Just a hop, skip and a Luas line away, hometown titans U2 are finishing their weeklong invasion of 3Arena (review here) but here in the National Concert Hall another Irish quartet is trying out something a little bit different.
With a decade under their belt, Delorentos have headlined festivals, crisscrossed the country multiple times and bagged Choice Prize nominations for three of their four albums, including one win for ‘Little Sparks’. So they may have wondered, where to from here?
The answer is their most personal gig to date. In the lush surrounds of the National Concert Hall, the Dublin group have taken on the task of reworking a hefty chunk of their back-catalogue for this new setting.
Opening tonight is Forget The Numbers, which gets a lush reworking. Pace Yourself benefits tremendously from the stripped back focus on lyrics and melody, with just a pair of subtle sparse guitars backing most of the song. Whilst Show Me Love gets a very drastic reworking, with the vocal melodies being changed to sound more like a Motown classic (which on paper doesn’t sound like a great idea but works surprisingly well).
The band is in fine form, noting how the laid-back pace lends itself to storytelling along the way. They are also keen to point out how they spent a month rehearsing this set and none of that time was spent on the storytelling, but it is so natural we doubt anyone is going to be pulling them up on it.
It is a testament to the strength of their songs that they hold up so well in this form. The more frantic elements have been smoothed away to leave an exposed, almost microscopic focus on lyrics and melody. Waited For You So Long is taken at a more leisurely pace than normal and is all the stronger for it. This new form puts the focus on the songs meandering melodies.
The immensely personal Petardu is prefaced by frontman Kieran McGuinness explaining how it was inspired by the search for his birth mother, and getting teary-eyed in the process. The whole thing is backed beautifully by a twinkling piano.
The songs aren’t the only thing getting a shakeup tonight. They’ve also done away with the usual opening act/headliner divide. Instead, tonight’s ‘support acts’ – The Young Folk & Maud In Cahoots –pop in and out throughout the show to lend their services. Both acts bring a range of vocal prowess along with additional instrumentation (melodica and trombone from the former, violin and cello from the latter).
S.E.C.R.E.T closes out the main set with a gorgeous makeover, utilising a 9-piece female choir. The bridge section is given entirely over to the choir, which makes the choir’s addition more than an afterthought.
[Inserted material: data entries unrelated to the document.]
lemma alternating_pencil_det_neg:
  fixes q :: tensor and t :: real
  assumes nonneg: "\<And>x. 0 \<le> q x" and alt: "alternating_dets q"
    and t: "0 \<le> t" "t * q (False,False,False) \<le> q (True,False,False)"
  shows "(q (True,False,False) - t * q (False,False,False)) * (q (True,True,True) - t * q (False,True,True))
       - (q (True,False,True) - t * q (False,False,True)) * (q (True,True,False) - t * q (False,True,False)) < 0"
proof -
  define g where "g s = (q (True,False,False) - s * q (False,False,False)) * (q (True,True,True) - s * q (False,True,True))
       - (q (True,False,True) - s * q (False,False,True)) * (q (True,True,False) - s * q (False,True,False))" for s
  have d: "0 < slice_det 1 False q" "slice_det 1 True q < 0" "0 < slice_det 2 False q"
    "slice_det 2 True q < 0" "0 < slice_det 3 False q" "slice_det 3 True q < 0"
    using alt by (simp_all add: alternating_dets_def)
  then have d': "q (False,False,True) * q (False,True,False) < q (False,False,False) * q (False,True,True)"
    "q (True,False,False) * q (True,True,True) < q (True,False,True) * q (True,True,False)"
    "q (False,False,True) * q (True,False,False) < q (False,False,False) * q (True,False,True)"
    "q (False,True,False) * q (True,True,True) < q (False,True,True) * q (True,True,False)"
    "q (False,True,False) * q (True,False,False) < q (False,False,False) * q (True,True,False)"
    "q (False,False,True) * q (True,True,True) < q (False,True,True) * q (True,False,True)"
    by (simp_all add: slice_det_def)
  have quadratic: "g s = slice_det 1 True q
      + (q (False,True,False) * q (True,False,True) + q (False,False,True) * q (True,True,False)
         - q (True,False,False) * q (False,True,True) - q (False,False,False) * q (True,True,True)) * s
      + slice_det 1 False q * s\<^sup>2" for s
    by (simp add: g_def slice_det_def power2_eq_square algebra_simps)
  have "0 < q (False,False,False) * q (False,True,True)"
    using d'(1) mult_nonneg_nonneg[OF nonneg nonneg, of "(False,False,True)" "(False,True,False)"] by linarith
  then have q000: "0 < q (False,False,False)" and q011: "0 < q (False,True,True)"
    using nonneg[of "(False,False,False)"] nonneg[of "(False,True,True)"] by (auto simp: zero_less_mult_iff)
  define M where "M = max (q (True,False,False) / q (False,False,False)) (q (True,True,True) / q (False,True,True))"
  have "t \<le> M" using t q000 by (simp add: M_def le_divide_eq le_max_iff_disj)
  \<comment> \<open>at t = M one diagonal entry of the pencil vanishes and both off-diagonal ones are positive\<close>
  have "g M < 0"
  proof (cases "q (True,True,True) / q (False,True,True) \<le> q (True,False,False) / q (False,False,False)")
    case True
    then have M: "M * q (False,False,False) = q (True,False,False)" using q000 by (simp add: M_def)
    have "0 < q (True,False,True) - M * q (False,False,True)" "0 < q (True,True,False) - M * q (False,True,False)"
      using ratio_gap_pos[OF q000 M] d'(3,5) by simp_all
    then show ?thesis using M by (simp add: g_def)
  next
    case False
    then have M: "M * q (False,True,True) = q (True,True,True)" using q011 by (simp add: M_def)
    have "0 < q (True,False,True) - M * q (False,False,True)" "0 < q (True,True,False) - M * q (False,True,False)"
      using ratio_gap_pos[OF q011 M] d'(6,4) by simp_all
    then show ?thesis using M by (simp add: g_def)
  qed
  then have "g t < 0"
    unfolding quadratic by (rule quadratic_neg_between[rotated 2]) (use d t \<open>t \<le> M\<close> in simp_all)
  then show ?thesis by (simp add: g_def)
qed

lemma minor2_swap_mult: "minor2 f v u * minor2 g v u = minor2 f u v * minor2 g u v"
  by (simp add: minor2_def algebra_simps)

lemma less_3_cases: "(r::nat) < 3 \<longleftrightarrow> r = 0 \<or> r = 1 \<or> r = 2"
  by auto

lemma pos_factors_of_neg_product:
  fixes x y m :: real
  assumes "0 \<le> x" "0 \<le> y" "x * y * m < 0"
  shows "0 < x" "0 < y" "m < 0"
  using assms by (auto simp: mult_less_0_iff zero_less_mult_iff)

text \<open>With \<sigma> the least ratio a r True / a r False, the pencil q(1,-,-) - \<sigma> q(0,-,-) is
  \<Sum>s. x s (b s \<otimes> c s) with all x s \<ge> 0 and x r = 0. Its determinant is negative, and by
  Cauchy-Binet it is the single term x u x v (minor b u v) (minor c u v) of the other two indices.\<close>
lemma pencil_min_ratio:
  assumes nn: "nonneg_factors a b c" and alt: "alternating_dets (cp3 a b c)"
    and r: "r < 3" "0 < a r False" "\<forall>s<3. a r True * a s False \<le> a s True * a r False"
  shows "\<forall>s<3. s \<noteq> r \<longrightarrow> 0 < minor2 a r s"
    and "\<forall>u<3. \<forall>v<3. u \<noteq> r \<longrightarrow> v \<noteq> r \<longrightarrow> u \<noteq> v \<longrightarrow> minor2 b u v * minor2 c u v < 0"
proof -
  define q where "q = cp3 a b c"
  define \<sigma> where "\<sigma> = a r True / a r False"
  define x where "x s = a s True - \<sigma> * a s False" for s
  have ar: "a r True = \<sigma> * a r False" using r(2) by (simp add: \<sigma>_def)
  have "x r = 0" using ar by (simp add: x_def)
  have x_nonneg: "0 \<le> x s" if "s < 3" for s
  proof -
    have "a r True * a s False \<le> a s True * a r False" using r(3) that by blast
    then have "\<sigma> * a s False * a r False \<le> a s True * a r False" by (simp add: ar mult_ac)
    then show ?thesis using r(2) by (simp add: x_def)
  qed
  have pencil: "q (True,j,k) - \<sigma> * q (False,j,k) = (\<Sum>s<3. x s * b s j * c s k)" for j k
    by (simp add: q_def cp3_apply sum_lessThan_3 x_def algebra_simps)
  have "0 \<le> \<sigma>" using nn r(2) by (simp add: \<sigma>_def nonneg_factors_def)
  have "0 \<le> (\<Sum>s<3. x s * b s False * c s False)"
    using x_nonneg nn by (intro sum_nonneg) (simp add: nonneg_factors_def)
  then have "\<sigma> * q (False,False,False) \<le> q (True,False,False)"
    using pencil[of False False] by linarith
  then have "(q (True,False,False) - \<sigma> * q (False,False,False)) * (q (True,True,True) - \<sigma> * q (False,True,True))
       - (q (True,False,True) - \<sigma> * q (False,False,True)) * (q (True,True,False) - \<sigma> * q (False,True,False)) < 0"
    using alternating_pencil_det_neg[OF _ _ \<open>0 \<le> \<sigma>\<close>] alt cp3_nonneg[OF nn] by (simp add: q_def)
  then have pairs: "x 0 * x 1 * (minor2 b 0 1 * minor2 c 0 1) + x 0 * x 2 * (minor2 b 0 2 * minor2 c 0 2)
      + x 1 * x 2 * (minor2 b 1 2 * minor2 c 1 2) < 0"
    unfolding pencil det2_sum3 .
  then obtain u v where uv: "\<forall>s<3. s = r \<or> s = u \<or> s = v" "u < 3" "v < 3" "u \<noteq> r" "v \<noteq> r" "u \<noteq> v"
    and neg: "x u * x v * (minor2 b u v * minor2 c u v) < 0"
  proof -
    consider "r = 0" | "r = 1" | "r = 2" using r(1) by linarith
    then show thesis
    proof cases
      case 1 then show thesis using that[of 1 2] \<open>x r = 0\<close> pairs by (simp add: less_3_cases)
    next
      case 2 then show thesis using that[of 0 2] \<open>x r = 0\<close> pairs by (simp add: less_3_cases)
    next
      case 3 then show thesis using that[of 0 1] \<open>x r = 0\<close> pairs by (simp add: less_3_cases)
    qed
  qed
  have "0 < x u" "0 < x v" "minor2 b u v * minor2 c u v < 0"
    using pos_factors_of_neg_product[OF x_nonneg x_nonneg neg] uv by auto
  then have "(\<forall>s<3. s \<noteq> r \<longrightarrow> 0 < x s) \<and>
      (\<forall>u'<3. \<forall>v'<3. u' \<noteq> r \<longrightarrow> v' \<noteq> r \<longrightarrow> u' \<noteq> v' \<longrightarrow> minor2 b u' v' * minor2 c u' v' < 0)"
    using uv minor2_swap_mult by metis
  moreover have "minor2 a r s = a r False * x s" for s
    by (simp add: minor2_def x_def ar algebra_simps)
  ultimately show "\<forall>s<3. s \<noteq> r \<longrightarrow> 0 < minor2 a r s"
    and "\<forall>u<3. \<forall>v<3. u \<noteq> r \<longrightarrow> v \<noteq> r \<longrightarrow> u \<noteq> v \<longrightarrow> minor2 b u v * minor2 c u v < 0"
    using r(2) by auto
qed

definition flip_bool :: "(nat \<Rightarrow> bool \<Rightarrow> real) \<Rightarrow> nat \<Rightarrow> bool \<Rightarrow> real" where
  "flip_bool f r i = f r (\<not> i)"

lemma alternating_dets_flip_bool:
  "alternating_dets (cp3 a b c) \<Longrightarrow> alternating_dets (cp3 (flip_bool a) (flip_bool b) c)"
  by (simp add: alternating_dets_def slice_det_def cp3_def flip_bool_def algebra_simps)

lemma pencil_max_ratio:
  assumes nn: "nonneg_factors a b c" and alt: "alternating_dets (cp3 a b c)"
    and r: "r < 3" "0 < a r True" "\<forall>s<3. a r False * a s True \<le> a s False * a r True"
  shows "\<forall>s<3. s \<noteq> r \<longrightarrow> 0 < minor2 a s r"
    and "\<forall>u<3. \<forall>v<3. u \<noteq> r \<longrightarrow> v \<noteq> r \<longrightarrow> u \<noteq> v \<longrightarrow> 0 < minor2 b u v * minor2 c u v"
proof -
  have "nonneg_factors (flip_bool a) (flip_bool b) c"
    using nn by (simp add: nonneg_factors_def flip_bool_def)
  note flipped = pencil_min_ratio[OF this alternating_dets_flip_bool[OF alt] r(1)]
  have "minor2 (flip_bool a) r s = minor2 a s r" for s
    by (simp add: minor2_def flip_bool_def algebra_simps)
  moreover have "minor2 (flip_bool b) u v * minor2 c u v = - (minor2 b u v * minor2 c u v)" for u v
    by (simp add: minor2_def flip_bool_def algebra_simps)
  ultimately show "\<forall>s<3. s \<noteq> r \<longrightarrow> 0 < minor2 a s r"
    and "\<forall>u<3. \<forall>v<3. u \<noteq> r \<longrightarrow> v \<noteq> r \<longrightarrow> u \<noteq> v \<longrightarrow> 0 < minor2 b u v * minor2 c u v"
    using flipped r(2,3) by (simp_all add: flip_bool_def)
qed

text \<open>For vectors in the closed first quadrant, "strictly counterclockwise of" is transitive.\<close>
lemma det2_pos_trans:
  fixes u0 u1 v0 v1 w0 w1 :: real
  assumes nn: "0 \<le> u0" "0 \<le> u1" "0 \<le> v0" "0 \<le> v1" "0 \<le> w0" "0 \<le> w1"
    and uv: "0 < u0 * v1 - u1 * v0" and vw: "0 < v0 * w1 - v1 * w0"
  shows "0 < u0 * w1 - u1 * w0"
proof (rule ccontr)
  assume "\<not> ?thesis"
  then have uw: "u0 * w1 - u1 * w0 \<le> 0" by simp
  have "(u0 * w1 - u1 * w0) * v0 = (u0 * v1 - u1 * v0) * w0 + (v0 * w1 - v1 * w0) * u0"
   and "(u0 * w1 - u1 * w0) * v1 = (u0 * v1 - u1 * v0) * w1 + (v0 * w1 - v1 * w0) * u1"
    by algebra+
  moreover have "(u0 * w1 - u1 * w0) * v0 \<le> 0" "(u0 * w1 - u1 * w0) * v1 \<le> 0"
    using uw nn by (simp_all add: mult_nonpos_nonneg)
  moreover have "0 \<le> (u0 * v1 - u1 * v0) * w0" "0 \<le> (u0 * v1 - u1 * v0) * w1"
    "0 \<le> (v0 * w1 - v1 * w0) * u0" "0 \<le> (v0 * w1 - v1 * w0) * u1"
    using uv vw nn by simp_all
  ultimately have "(v0 * w1 - v1 * w0) * u0 = 0" "(v0 * w1 - v1 * w0) * u1 = 0" by linarith+
  then show False using uv vw by simp
qed

lemma minor2_pos_trans:
  assumes "\<forall>r i. 0 \<le> f r i" "0 < minor2 f 0 1" "0 < minor2 f 1 2"
  shows "0 < minor2 f 0 2"
  using det2_pos_trans[of "f 0 False" "f 0 True" "f 1 False" "f 1 True" "f 2 False" "f 2 True"] assms
  by (simp add: minor2_def)

lemma minor2_neg_trans:
  assumes "\<forall>r i. 0 \<le> f r i" "minor2 f 0 1 < 0" "minor2 f 1 2 < 0"
  shows "minor2 f 0 2 < 0"
  using det2_pos_trans[of "f 2 False" "f 2 True" "f 1 False" "f 1 True" "f 0 False" "f 0 True"] assms
  by (simp add: minor2_def algebra_simps)
(* Let $(\Gamma,f,\mu)$ be a measured Reeb graph with no boundary vertices. Then the set of totally negative circulation functions on $\Gamma$ is a (possibly empty) open convex polytope in the affine space of all circulation functions on $\Gamma$. In particular, the set of totally negative circulation functions on $\Gamma$ is bounded.
   Context: A Reeb graph $(\Gamma,f)$ is a finite connected oriented graph $\Gamma$ with a continuous function $f\colon\Gamma\to\mathbb{R}$ strictly increasing along each edge in its orientation, all of whose vertices are $1$-valent or $3$-valent ($1$-valent ones being of two types, boundary and non-boundary), such that at each $3$-valent vertex there are either two incoming and one outgoing edge or vice versa. At a $3$-valent vertex $v$ the trunk $e_0$ is the edge alone in its direction and the other two edges $e_1,e_2$ are branches. A measure $\mu$ on $\Gamma$ is log-smooth if it has a smooth non-vanishing density $d\mu/df$ at interior points and $1$-valent vertices, and near each $3$-valent vertex $v$, with $\tilde f=f-f(v)$, there are functions $\psi,\eta_0,\eta_1,\eta_2$ smooth near $0$ with $\psi(0)=0,\psi'(0)\ne0$, $\eta_0+\eta_1+\eta_2=0$, and $\mu([v,x])=\varepsilon_i\psi(\tilde f(x))\ln|\tilde f(x)|+\eta_i(\tilde f(x))$ for $x\in e_i$ near $v$, $\varepsilon_0=2,\varepsilon_1=\varepsilon_2=-1$. A measured Reeb graph is a Reeb graph with a log-smooth measure. Let $V$ be the vertex set. A circulation function on $(\Gamma,f,\mu)$ is a function $\mathfrak{c}\colon\Gamma\setminus V\to\mathbb{R}$, continuous, such that: (i) for every vertex $v$ and edge $e\ni v$, the limit of $\mathfrak{c}(x)$ as $x\to v$ along $e$ exists and is finite; (ii) if $x,y$ are interior points of one edge, the edge pointing from $x$ to $y$, then $\mathfrak{c}(y)-\mathfrak{c}(x)=\int_{[x,y]}f\,d\mu$; (iii) at every non-boundary vertex $v$, the sum of the limits of $\mathfrak{c}$ at $v$ along edges pointing into $v$ equals the sum of the limits along edges pointing out of $v$. The set of circulation functions is an affine space (possibly empty). For a $3$-valent vertex $v$ with adjacent edges $e_0,e_1,e_2$ let $c_i(v)$ be the limit of $\mathfrak{c}$ at $v$ along $e_i$; $\mathfrak{c}$ is totally negative if $c_0(v),c_1(v),c_2(v)<0$ for every $3$-valent vertex $v$. *)

theory Defs
  imports "HOL-Analysis.Analysis"
begin

text \<open>
  Since f is continuous and strictly increasing along each
  edge, f restricted to a closed edge is a homeomorphism onto the interval
  [h (src e), h (tgt e)], where h v = f(v) is the value of f at the vertex v.  We therefore
  identify an interior point of the edge e with the pair (e, t), t in the open interval
  ]h (src e), h (tgt e)[, and f(e,t) = t.
\<close>

definition lo :: "('e \<Rightarrow> 'v) \<Rightarrow> ('v \<Rightarrow> real) \<Rightarrow> 'e \<Rightarrow> real" where
  "lo src h e = h (src e)"

definition hi :: "('e \<Rightarrow> 'v) \<Rightarrow> ('v \<Rightarrow> real) \<Rightarrow> 'e \<Rightarrow> real" where
  "hi tgt h e = h (tgt e)"

definition indeg :: "'e set \<Rightarrow> ('e \<Rightarrow> 'v) \<Rightarrow> 'v \<Rightarrow> nat" where
  "indeg E tgt v = card {e \<in> E. tgt e = v}"

definition outdeg :: "'e set \<Rightarrow> ('e \<Rightarrow> 'v) \<Rightarrow> 'v \<Rightarrow> nat" where
  "outdeg E src v = card {e \<in> E. src e = v}"

definition adj_edges :: "'e set \<Rightarrow> ('e \<Rightarrow> 'v) \<Rightarrow> ('e \<Rightarrow> 'v) \<Rightarrow> 'v \<Rightarrow> 'e set" where
  "adj_edges E src tgt v = {e \<in> E. src e = v \<or> tgt e = v}"

definition univalent :: "'e set \<Rightarrow> ('e \<Rightarrow> 'v) \<Rightarrow> ('e \<Rightarrow> 'v) \<Rightarrow> 'v \<Rightarrow> bool" where
  "univalent E src tgt v \<longleftrightarrow> indeg E tgt v + outdeg E src v = 1"

definition trivalent :: "'e set \<Rightarrow> ('e \<Rightarrow> 'v) \<Rightarrow> ('e \<Rightarrow> 'v) \<Rightarrow> 'v \<Rightarrow> bool" where
  "trivalent E src tgt v \<longleftrightarrow>
     (indeg E tgt v = 2 \<and> outdeg E src v = 1) \<or> (indeg E tgt v = 1 \<and> outdeg E src v = 2)"

definition graph_connected :: "'v set \<Rightarrow> 'e set \<Rightarrow> ('e \<Rightarrow> 'v) \<Rightarrow> ('e \<Rightarrow> 'v) \<Rightarrow> bool" where
  "graph_connected V E src tgt \<longleftrightarrow>
     (\<forall>u\<in>V. \<forall>w\<in>V. (u, w) \<in> ({(src e, tgt e) | e. e \<in> E} \<union> {(tgt e, src e) | e. e \<in> E})\<^sup>*)"
lemma automorphism_shifts_along_arcs:
  assumes f: "graph_automorphism vertices edges f" and i: "i < length gs"
    and fh: "f (Inl h) = Inl c"
  shows "f (Inl (h + gs ! i)) = Inl (c + gs ! i)"
proof -
  have in_vertices: "Inl h \<in> vertices" "arc_tail h i \<in> vertices" "arc_head h i \<in> vertices"
    using i by (auto simp: mem_vertices arc_roles_def)
  have "f (arc_tail h i) \<in> nb (Inl c)"
    using graph_automorphism_nbrs[OF f in_vertices(1)] i fh by (force simp: nb_Inl)
  moreover have "pendant (f (arc_tail h i))" "deg (f (arc_tail h i)) = i + 3"
    using graph_automorphism_has_pendant_nbr[OF f in_vertices(2)]
      graph_automorphism_card_nbrs[OF f in_vertices(2)] i
    by (simp_all add: pendant_arc_tail deg_arc_tail)
  ultimately have tail: "f (arc_tail h i) = arc_tail c i"
    using arc_tail_iff by blast
  have "f (arc_head h i) \<in> nb (arc_tail c i)"
    using graph_automorphism_nbrs[OF f in_vertices(2)] i tail by (force simp: nb_arc_tail)
  moreover have "deg (f (arc_head h i)) = 2"
    using graph_automorphism_card_nbrs[OF f in_vertices(3)] i by (simp add: deg_arc_head)
  ultimately have head: "f (arc_head h i) = arc_head c i"
    using arc_head_iff[OF i] by blast
  obtain c' where c': "f (Inl (h + gs ! i)) = Inl c'"
    using automorphism_Inl[OF f] .
  have "f (Inl (h + gs ! i)) \<in> nb (arc_head c i)"
    using graph_automorphism_nbrs[OF f in_vertices(3)] i head by (force simp: nb_arc_head)
  with c' i show ?thesis by (simp add: nb_arc_head)
qed

lemma automorphism_is_translation:
  assumes f: "graph_automorphism vertices edges f"
  shows "\<exists>a. \<forall>b. f (Inl b) = Inl (a + b)"
proof -
  define \<phi> where "\<phi> b = projl (f (Inl b))" for b
  have \<phi>: "f (Inl b) = Inl (\<phi> b)" for b
  proof -
    obtain c where "f (Inl b) = Inl c" using automorphism_Inl[OF f] .
    then show ?thesis by (simp add: \<phi>_def)
  qed
  have step: "\<phi> (x + g) = \<phi> x + g" if "g \<in> set gs" for x g
  proof -
    obtain i where "i < length gs" "g = gs ! i"
      using \<open>g \<in> set gs\<close> by (auto simp: in_set_conv_nth)
    with automorphism_shifts_along_arcs[OF f _ \<phi>] show ?thesis
      by (simp add: \<phi>)
  qed
  have \<phi>_span: "\<phi> x = \<phi> 0 + x" if "x \<in> add_span (set gs)" for x
    using that
  proof induction
    case zero
    then show ?case by simp
  next
    case (add x g)
    then show ?case using step[of g x] by (simp add: add.assoc)
  next
    case (diff x g)
    then show ?case using step[of g "x - g"] by (simp add: algebra_simps)
  qed
  have "f (Inl b) = Inl (\<phi> 0 + b)" for b
    using \<phi>[of b] \<phi>_span[of b] gs_generate by simp
  then show ?thesis by blast
qed

lemma translate_mem_vertices: "v \<in> vertices \<Longrightarrow> translate a v \<in> vertices"
  unfolding mem_vertices by auto

lemma translate_inverse: "v \<in> vertices \<Longrightarrow> translate (- a) (translate a v) = v"
  unfolding mem_vertices by auto

lemma translate_edge: "e \<in> edges \<Longrightarrow> translate a ` e \<in> edges"
  unfolding edges_def by (auto simp flip: add.assoc)

lemma translate_automorphism: "graph_automorphism vertices edges (translate a)"
  unfolding graph_automorphism_def
proof (intro conjI ballI)
  show "bij_betw (translate a) vertices vertices"
    by (rule bij_betw_byWitness[where f' = "translate (- a)"])
       (use translate_inverse[of _ a] translate_inverse[of _ "- a"] translate_mem_vertices in auto)
  fix u v assume "u \<in> vertices" "v \<in> vertices"
  then show "{u, v} \<in> edges \<longleftrightarrow> {translate a u, translate a v} \<in> edges"
    using translate_edge[of "{u, v}" a] translate_edge[of "{translate a u, translate a v}" "- a"]
    by (auto simp: translate_inverse)
qed

lemma simple_graph: "simple_graph_on vertices edges"
  unfolding simple_graph_on_def
proof
  fix e assume "e \<in> edges"
  moreover from this obtain u v where "e = {u, v}" "u \<noteq> v"
    unfolding edges_def by auto
  ultimately show "\<exists>u v. e = {u, v} \<and> u \<noteq> v \<and> u \<in> vertices \<and> v \<in> vertices"
    using edge_mem_vertices by (metis insert_commute)
qed

theorem variable_gadget: "variable_gadget aux_ids edges"
  unfolding variable_gadget_def Let_def vertices_def[symmetric]
proof (intro conjI allI impI)
  fix a :: 'a
  show "\<exists>f. graph_automorphism vertices edges f \<and> (\<forall>b. f (Inl b) = Inl (a + b))"
    using translate_automorphism[of a] by (intro exI[of _ "translate a"]) simp
qed (use finite_subset[OF aux_ids_subset] simple_graph automorphism_is_translation in auto)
It’s no surprise then that the entire crowd are fully involved at this stage, either singing or clapping.
It’s hard to find fault in tonight’s show when every aspect has been so well considered, but if pushed, we can’t help but wonder how much more spine-tingling it would be with an acoustic piano on-stage (instead of the small electric piano we have) to combine with the halls beautiful acoustics. Especially given Little Sparks, Petardu, and Six Months To The Day, amongst others, are all piano led.
Now we know we already have MTV Unplugged and VH1 Storytellers, but we can’t help wanting more bands to take this approach on occasion. Especially given that, said shows only cater for bands at the summit of music mountain. For an Irish band to showcase their back-catalogue in such a way and in such a venue is a real treat.